_Problem requirements_: Below are some records. Copy every line in them that holds "subseteq".

Stored items
────

text \<open>The generating function of the number of \<open>+1\<close>'s before the \<open>v\<close>-th \<open>-1\<close> among fair
  signs: conditioning on the first sign gives the recursion \<open>G v = (t G v + G (v - 1)) / 2\<close>,
  solved by \<open>c ^ v\<close> exactly when \<open>t c + 1 = 2 c\<close>.\<close>
lemma sum_signs_power_plus_before_minus_le:
  fixes t c :: real
  assumes "distinct l" "t \<ge> 0" "c \<ge> 1" "t * c + 1 = 2 * c"
  shows "(\<Sum>s\<in>PiE (set l) (\<lambda>_. {-1, 1::int}). t ^ plus_before_minus (map s l) v)
           \<le> 2 ^ length l * c ^ v"
  using assms(1)
proof (induction l arbitrary: v)
  case Nil
  then show ?case using assms by simp
next
  case (Cons x l)
  let ?G = "\<lambda>v. \<Sum>s\<in>PiE (set l) (\<lambda>_. {-1, 1::int}). t ^ plus_before_minus (map s l) v"
  have x: "x \<notin> set l" and l: "distinct l" using Cons.prems by auto
  show ?case
  proof (cases v)
    case 0
    have "card (PiE (set (x # l)) (\<lambda>_. {-1, 1::int})) = 2 ^ length (x # l)"
      using Cons.prems by (simp add: card_PiE distinct_card numeral_2_eq_2)
    then show ?thesis using 0 by simp
  next
    case (Suc u)
    have "(\<Sum>s\<in>PiE (set (x # l)) (\<lambda>_. {-1, 1::int}). t ^ plus_before_minus (map s (x # l)) v)
        = t * ?G v + ?G u"
      using x Suc by (simp add: sum_PiE_insert sum_distrib_left)
    also have "\<dots> \<le> t * (2 ^ length l * c ^ v) + 2 ^ length l * c ^ u"
      using Cons.IH[OF l] assms(2) by (intro add_mono mult_left_mono) auto
    also have "\<dots> = 2 ^ length l * c ^ u * (t * c + 1)"
      using Suc by (simp add: algebra_simps)
    also have "\<dots> = 2 ^ length (x # l) * c ^ v"
      using Suc assms(4) by simp
    finally show ?thesis .
  qed
qed

lemma card_plus_before_minus_ge_le:
  fixes t c r :: real
  assumes "distinct l" "t \<ge> 1" "c \<ge> 1" "t * c + 1 = 2 * c"
  shows "real (card {s \<in> PiE (set l) (\<lambda>_. {-1, 1::int}). r \<le> plus_before_minus (map s l) v})
           \<le> 2 ^ length l * c ^ v / t powr r"
proof -
  let ?P = "PiE (set l) (\<lambda>_. {-1, 1::int})"
  let ?h = "\<lambda>s. plus_before_minus (map s l) v"
  have tr: "t powr r > 0" using assms by simp
  have "real (card {s \<in> ?P. r \<le> ?h s}) = (\<Sum>s \<in> {s \<in> ?P. r \<le> ?h s}. 1)" by simp
  also have "\<dots> \<le> (\<Sum>s \<in> {s \<in> ?P. r \<le> ?h s}. t ^ ?h s / t powr r)"
  proof (rule sum_mono)
    fix s assume "s \<in> {s \<in> ?P. r \<le> ?h s}"
    then have "t powr r \<le> t powr ?h s" using assms by (intro powr_mono) auto
    then show "1 \<le> t ^ ?h s / t powr r" using tr assms by (simp add: powr_realpow)
  qed
  also have "\<dots> \<le> (\<Sum>s \<in> ?P. t ^ ?h s / t powr r)"
    using tr assms by (intro sum_mono2) (auto simp: finite_PiE)
  also have "\<dots> = (\<Sum>s \<in> ?P. t ^ ?h s) / t powr r" by (simp add: sum_divide_distrib)
  also have "\<dots> \<le> 2 ^ length l * c ^ v / t powr r"
    using sum_signs_power_plus_before_minus_le[OF assms(1) _ assms(3,4)] assms tr
    by (intro divide_right_mono) auto
  finally show ?thesis .
qed

lemma ln_less_minus_one:
  fixes x :: real
  assumes "0 < x" "x \<noteq> 1"
  shows "ln x < x - 1"
proof -
  have "ln x = 2 * ln (sqrt x)" using assms by (simp add: ln_sqrt)
  also have "\<dots> \<le> 2 * (sqrt x - 1)" using ln_le_minus_one[of "sqrt x"] assms by simp
  also have "\<dots> < x - 1"
  proof -
    have "(sqrt x - 1)\<^sup>2 > 0" using assms by simp
    then show ?thesis using assms by (simp add: power2_eq_square algebra_simps)
  qed
  finally show ?thesis .
qed

lemma knockoff_theta_eq:
  assumes "a > 0"
  shows "knockoff_theta a = ((a + 2) / 2) / (2 * (a + 1) / (a + 2)) powr (a + 1)"
proof -
  have succ: "b powr (a + 2) = b * b powr (a + 1)" if "b > 0" for b :: real
    using that powr_add[of b 1 "a + 1"] by (simp add: add.commute add.left_commute)
  have "(2 * (a + 1) / (a + 2)) powr (a + 1)
      = 2 powr (a + 1) * (a + 1) powr (a + 1) / (a + 2) powr (a + 1)"
    using assms powr_mult[of 2 "a + 1" "a + 1"] powr_divide[of "2 * (a + 1)" "a + 2" "a + 1"]
    by simp
  then have "((a + 2) / 2) / (2 * (a + 1) / (a + 2)) powr (a + 1)
      = (a + 2) * (a + 2) powr (a + 1) / (2 * 2 powr (a + 1) * (a + 1) powr (a + 1))"
    using assms by (simp add: field_simps)
  also have "\<dots> = knockoff_theta a"
    using assms unfolding knockoff_theta_def by (simp add: succ)
  finally show ?thesis ..
qed

lemma knockoff_theta_less_one:
  assumes "a > 0"
  shows "knockoff_theta a < 1"
proof -
  define t where "t = 2 * (a + 1) / (a + 2)"
  define c where "c = (a + 2) / 2"
  have t: "t > 0" and c: "c > 0" using assms by (auto simp: t_def c_def)
  have "ln c < c - 1" using assms by (intro ln_less_minus_one) (auto simp: c_def)
  also have "c - 1 = (a + 1) * (1 - 1 / t)" using assms by (simp add: c_def t_def field_simps)
  also have "\<dots> \<le> (a + 1) * ln t"
  proof -
    have "ln (1 / t) \<le> 1 / t - 1" using t by (intro ln_le_minus_one) simp
    then show ?thesis using assms t by (intro mult_left_mono) (auto simp: ln_div)
  qed
  finally have "exp (ln c) < exp ((a + 1) * ln t)" by simp
  then have "c < t powr (a + 1)" using c t by (simp add: powr_def mult.commute)
  moreover have "knockoff_theta a = c / t powr (a + 1)"
    unfolding c_def t_def by (rule knockoff_theta_eq[OF assms])
  ultimately show ?thesis using t by simp
qed

lemma card_plus_before_minus_ge_le_theta:
  assumes "distinct l" "a > 0"
  shows "real (card {s \<in> PiE (set l) (\<lambda>_. {-1, 1::int}).
                       (1 + a) * real v \<le> plus_before_minus (map s l) v})
           \<le> knockoff_theta a ^ v * 2 ^ length l"
proof -
  define t where "t = 2 * (a + 1) / (a + 2)"
  define c where "c = (a + 2) / 2"
  have t: "t \<ge> 1" and c: "c \<ge> 1" and tc: "t * c + 1 = 2 * c"
    using assms(2) by (auto simp: t_def c_def field_simps)
  have "t powr ((1 + a) * real v) = (t powr (a + 1)) ^ v"
    using t by (simp add: powr_powr powr_realpow add.commute flip: powr_realpow)
  moreover have "knockoff_theta a = c / t powr (a + 1)"
    unfolding c_def t_def by (rule knockoff_theta_eq[OF assms(2)])
  ultimately show ?thesis
    using card_plus_before_minus_ge_le[OF assms(1) t c tc, of "(1 + a) * real v" v]
    by (simp add: power_divide mult.commute)
qed

lemma measurable_insort_key:
  fixes f :: "'a \<Rightarrow> 'b \<Rightarrow> real"
  assumes f: "\<And>j. j \<in> S \<Longrightarrow> (\<lambda>\<omega>. f \<omega> j) \<in> borel_measurable N" and "x \<in> S" "set ys \<subseteq> S"
  shows "(\<lambda>\<omega>. insort_key (f \<omega>) x ys) \<in> measurable N (count_space UNIV)"
  using assms(3)
proof (induction ys)
  case (Cons y ys)
  have "{\<omega> \<in> space N. f \<omega> x \<le> f \<omega> y} \<in> sets N"
    using Cons.prems \<open>x \<in> S\<close> by (intro borel_measurable_le f) auto
  moreover have "(\<lambda>\<omega>. y # insort_key (f \<omega>) x ys) \<in> measurable N (count_space UNIV)"
    using Cons by (intro measurable_compose[where g = "(#) y", OF _ measurable_count_space]) auto
  ultimately have "(\<lambda>\<omega>. if f \<omega> x \<le> f \<omega> y then x # y # ys else y # insort_key (f \<omega>) x ys)
      \<in> measurable N (count_space UNIV)"
    by (intro measurable_If) auto
  then show ?case by simp
qed simp

lemma measurable_sort_key:
  fixes f :: "'a \<Rightarrow> 'b::countable \<Rightarrow> real"
  assumes f: "\<And>j. j \<in> S \<Longrightarrow> (\<lambda>\<omega>. f \<omega> j) \<in> borel_measurable N" and "set xs \<subseteq> S"
  shows "(\<lambda>\<omega>. sort_key (f \<omega>) xs) \<in> measurable N (count_space UNIV)"
  using assms(2)
proof (induction xs)
  case (Cons x xs)
  have sorted: "(\<lambda>\<omega>. sort_key (f \<omega>) xs) \<in> measurable N (count_space {ys. set ys \<subseteq> S})"
  proof (rule measurable_count_space_extend[OF subset_UNIV])
    show "(\<lambda>\<omega>. sort_key (f \<omega>) xs) \<in> space N \<rightarrow> {ys. set ys \<subseteq> S}"
      using Cons.prems by auto
  qed (use Cons in auto)
  have "(\<lambda>\<omega>. insort_key (f \<omega>) x (sort_key (f \<omega>) xs)) \<in> measurable N (count_space UNIV)"
  proof (rule measurable_compose_countable'[where f = "\<lambda>ys \<omega>. insort_key (f \<omega>) x ys", OF _ sorted])
    fix ys assume "ys \<in> {ys. set ys \<subseteq> S}"
    then show "(\<lambda>\<omega>. insort_key (f \<omega>) x ys) \<in> measurable N (count_space UNIV)"
      using Cons.prems by (intro measurable_insort_key[OF f]) auto
  qed (rule countable_subset[OF subset_UNIV], simp)
  then show ?case by simp
qed simp

lemma knockoff_order_event_in_sigma:
  "{\<omega> \<in> \<Omega>. knockoff_order p (\<lambda>j. W j \<omega>) = L}
     \<in> sigma_sets \<Omega> (\<Union>j\<in>{1..p}. {W j -` A \<inter> \<Omega> | A. A \<in> sets borel})"
  (is "_ \<in> sigma_sets \<Omega> ?G")
proof -
  define N where "N = sigma \<Omega> ?G"
  have G: "?G \<subseteq> Pow \<Omega>" by auto
  have neg_W: "(\<lambda>\<omega>. - W j \<omega>) \<in> borel_measurable N" if "j \<in> {1..p}" for j
  proof -
    have "W j \<in> borel_measurable N"
    proof (rule measurableI)
      fix A :: "real set" assume "A \<in> sets borel"
      then have "W j -` A \<inter> \<Omega> \<in> ?G" using that by blast
      then show "W j -` A \<inter> space N \<in> sets N"
        using G by (simp add: N_def sets_measure_of space_measure_of)
    qed simp
    then show ?thesis by (rule borel_measurable_uminus)
  qed
  have "(\<lambda>\<omega>. knockoff_order p (\<lambda>j. W j \<omega>)) \<in> measurable N (count_space UNIV)"
    unfolding knockoff_order_def by (rule measurable_sort_key[where S = "{1..p}", OF neg_W]) auto
  then have "(\<lambda>\<omega>. knockoff_order p (\<lambda>j. W j \<omega>)) -` {L} \<inter> space N \<in> sets N"
    by (rule measurable_sets) simp
  then show ?thesis
    using G by (simp add: N_def sets_measure_of space_measure_of vimage_def Int_def conj_commute)
qed

lemma (in prob_space) measure_le_if_few_bad_uniform_given:
  fixes X :: "'a \<Rightarrow> 'b" and Y :: "'a \<Rightarrow> 'c" and \<beta> :: real
  assumes T: "finite T" "\<And>\<omega>. \<omega> \<in> space M \<Longrightarrow> X \<omega> \<in> T"
    and X_events: "\<And>x. x \<in> T \<Longrightarrow> {\<omega> \<in> space M. X \<omega> = x} \<in> events"
    and S: "finite S" "S \<noteq> {}"
    and Y_events: "\<And>s. s \<in> S \<Longrightarrow> {\<omega> \<in> space M. Y \<omega> = s} \<in> events"
    and uniform: "\<And>x s. x \<in> T \<Longrightarrow> s \<in> S \<Longrightarrow>
        prob {\<omega> \<in> space M. X \<omega> = x \<and> Y \<omega> = s} = prob {\<omega> \<in> space M. X \<omega> = x} / card S"
    and few_bad: "\<And>x. x \<in> T \<Longrightarrow> card {s \<in> S. Q x s} \<le> \<beta> * card S"
    and E: "E \<subseteq> {\<omega> \<in> space M. Q (X \<omega>) (Y \<omega>)}"
  shows "measure M E \<le> \<beta>"
proof -
  define A where "A x s = {\<omega> \<in> space M. X \<omega> = x \<and> Y \<omega> = s}" for x s
  define B where "B x S' = (\<Union>s\<in>S'. A x s)" for x S'
  have A_events: "A x s \<in> events" if "x \<in> T" "s \<in> S" for x s
  proof -
    have "A x s = {\<omega> \<in> space M. X \<omega> = x} \<inter> {\<omega> \<in> space M. Y \<omega> = s}" by (auto simp: A_def)
    then show ?thesis using that X_events Y_events by simp
  qed
  have B_events: "B x S' \<in> events" if "x \<in> T" "S' \<subseteq> S" for x S'
  proof -
    have "finite S'" using that S finite_subset by blast
    then show ?thesis unfolding B_def using that A_events by (intro sets.finite_UN) auto
  qed
  have prob_B: "prob (B x S') = card S' * prob {\<omega> \<in> space M. X \<omega> = x} / card S"
    if "x \<in> T" "S' \<subseteq> S" for x S'
  proof -
    have "prob (B x S') = (\<Sum>s\<in>S'. prob (A x s))"
      unfolding B_def using that A_events finite_subset[OF that(2) S(1)]
      by (intro measure_finite_Union) (auto simp: disjoint_family_on_def A_def)
    also have "\<dots> = card S' * prob {\<omega> \<in> space M. X \<omega> = x} / card S"
      using that uniform by (simp add: A_def subset_iff)
    finally show ?thesis .
  qed
  have sum_prob_X: "(\<Sum>x\<in>T. prob {\<omega> \<in> space M. X \<omega> = x}) = 1"
  proof -
    have "(\<Sum>x\<in>T. prob {\<omega> \<in> space M. X \<omega> = x}) = prob (\<Union>x\<in>T. {\<omega> \<in> space M. X \<omega> = x})"
      using T X_events by (intro measure_finite_Union[symmetric]) (auto simp: disjoint_family_on_def)
    also have "(\<Union>x\<in>T. {\<omega> \<in> space M. X \<omega> = x}) = space M" using T by auto
    finally show ?thesis by (simp add: prob_space)
  qed
  txt \<open>Summing \<open>uniform\<close> over \<open>S\<close> shows that \<open>Y\<close> lies in \<open>S\<close> almost surely.\<close>
  have null: "prob (\<Union>x\<in>T. {\<omega> \<in> space M. X \<omega> = x} - B x S) = 0"
  proof -
    have "prob ({\<omega> \<in> space M. X \<omega> = x} - B x S) = 0" if "x \<in> T" for x
    proof -
      have "B x S \<subseteq> {\<omega> \<in> space M. X \<omega> = x}" by (auto simp: B_def A_def)
      then show ?thesis
        using that S X_events B_events prob_B[of x S] by (subst finite_measure_Diff) auto
    qed
    moreover have "prob (\<Union>x\<in>T. {\<omega> \<in> space M. X \<omega> = x} - B x S)
        \<le> (\<Sum>x\<in>T. prob ({\<omega> \<in> space M. X \<omega> = x} - B x S))"
      using T X_events B_events by (intro finite_measure_subadditive_finite) auto
    ultimately show ?thesis using measure_nonneg[of M] by (simp add: order_antisym)
  qed
  define bad where "bad x = {s \<in> S. Q x s}" for x
  have bad_events: "(\<Union>x\<in>T. B x (bad x)) \<in> events"
    using T B_events by (intro sets.finite_UN) (auto simp: bad_def)
  have null_events: "(\<Union>x\<in>T. {\<omega> \<in> space M. X \<omega> = x} - B x S) \<in> events"
    using T X_events B_events by (intro sets.finite_UN sets.Diff) auto
  have "E \<subseteq> (\<Union>x\<in>T. {\<omega> \<in> space M. X \<omega> = x} - B x S) \<union> (\<Union>x\<in>T. B x (bad x))"
    using E T by (auto simp: B_def A_def bad_def)
  then have "measure M E
      \<le> prob (\<Union>x\<in>T. {\<omega> \<in> space M. X \<omega> = x} - B x S) + prob (\<Union>x\<in>T. B x (bad x))"
    using null_events bad_events
    by (intro order.trans[OF finite_measure_mono measure_Un_le]) auto
  also have "\<dots> \<le> (\<Sum>x\<in>T. prob (B x (bad x)))"
    unfolding null using T B_events
    by (simp, intro finite_measure_subadditive_finite) (auto simp: bad_def)
  also have "\<dots> \<le> (\<Sum>x\<in>T. \<beta> * prob {\<omega> \<in> space M. X \<omega> = x})"
  proof (rule sum_mono)
    fix x assume x: "x \<in> T"
    have "card (bad x) * prob {\<omega> \<in> space M. X \<omega> = x}
        \<le> \<beta> * card S * prob {\<omega> \<in> space M. X \<omega> = x}"
      using few_bad[OF x] by (intro mult_right_mono) (auto simp: bad_def)
    then show "prob (B x (bad x)) \<le> \<beta> * prob {\<omega> \<in> space M. X \<omega> = x}"
      using x S prob_B[of x "bad x"] by (simp add: bad_def divide_le_eq card_gt_0_iff mult_ac)
  qed
  also have "\<dots> = \<beta>" by (simp add: sum_distrib_left[symmetric] sum_prob_X)
  finally show ?thesis .
qed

────

_Written answer_:
  assumes f: "\<And>j. j \<in> S \<Longrightarrow> (\<lambda>\<omega>. f \<omega> j) \<in> borel_measurable N" and "x \<in> S" "set ys \<subseteq> S"
  assumes f: "\<And>j. j \<in> S \<Longrightarrow> (\<lambda>\<omega>. f \<omega> j) \<in> borel_measurable N" and "set xs \<subseteq> S"
  have sorted: "(\<lambda>\<omega>. sort_key (f \<omega>) xs) \<in> measurable N (count_space {ys. set ys \<subseteq> S})"
    show "(\<lambda>\<omega>. sort_key (f \<omega>) xs) \<in> space N \<rightarrow> {ys. set ys \<subseteq> S}"
    fix ys assume "ys \<in> {ys. set ys \<subseteq> S}"
  have G: "?G \<subseteq> Pow \<Omega>" by auto
    and E: "E \<subseteq> {\<omega> \<in> space M. Q (X \<omega>) (Y \<omega>)}"
  have B_events: "B x S' \<in> events" if "x \<in> T" "S' \<subseteq> S" for x S'
    if "x \<in> T" "S' \<subseteq> S" for x S'
      have "B x S \<subseteq> {\<omega> \<in> space M. X \<omega> = x}" by (auto simp: B_def A_def)
  have "E \<subseteq> (\<Union>x\<in>T. {\<omega> \<in> space M. X \<omega> = x} - B x S) \<union> (\<Union>x\<in>T. B x (bad x))"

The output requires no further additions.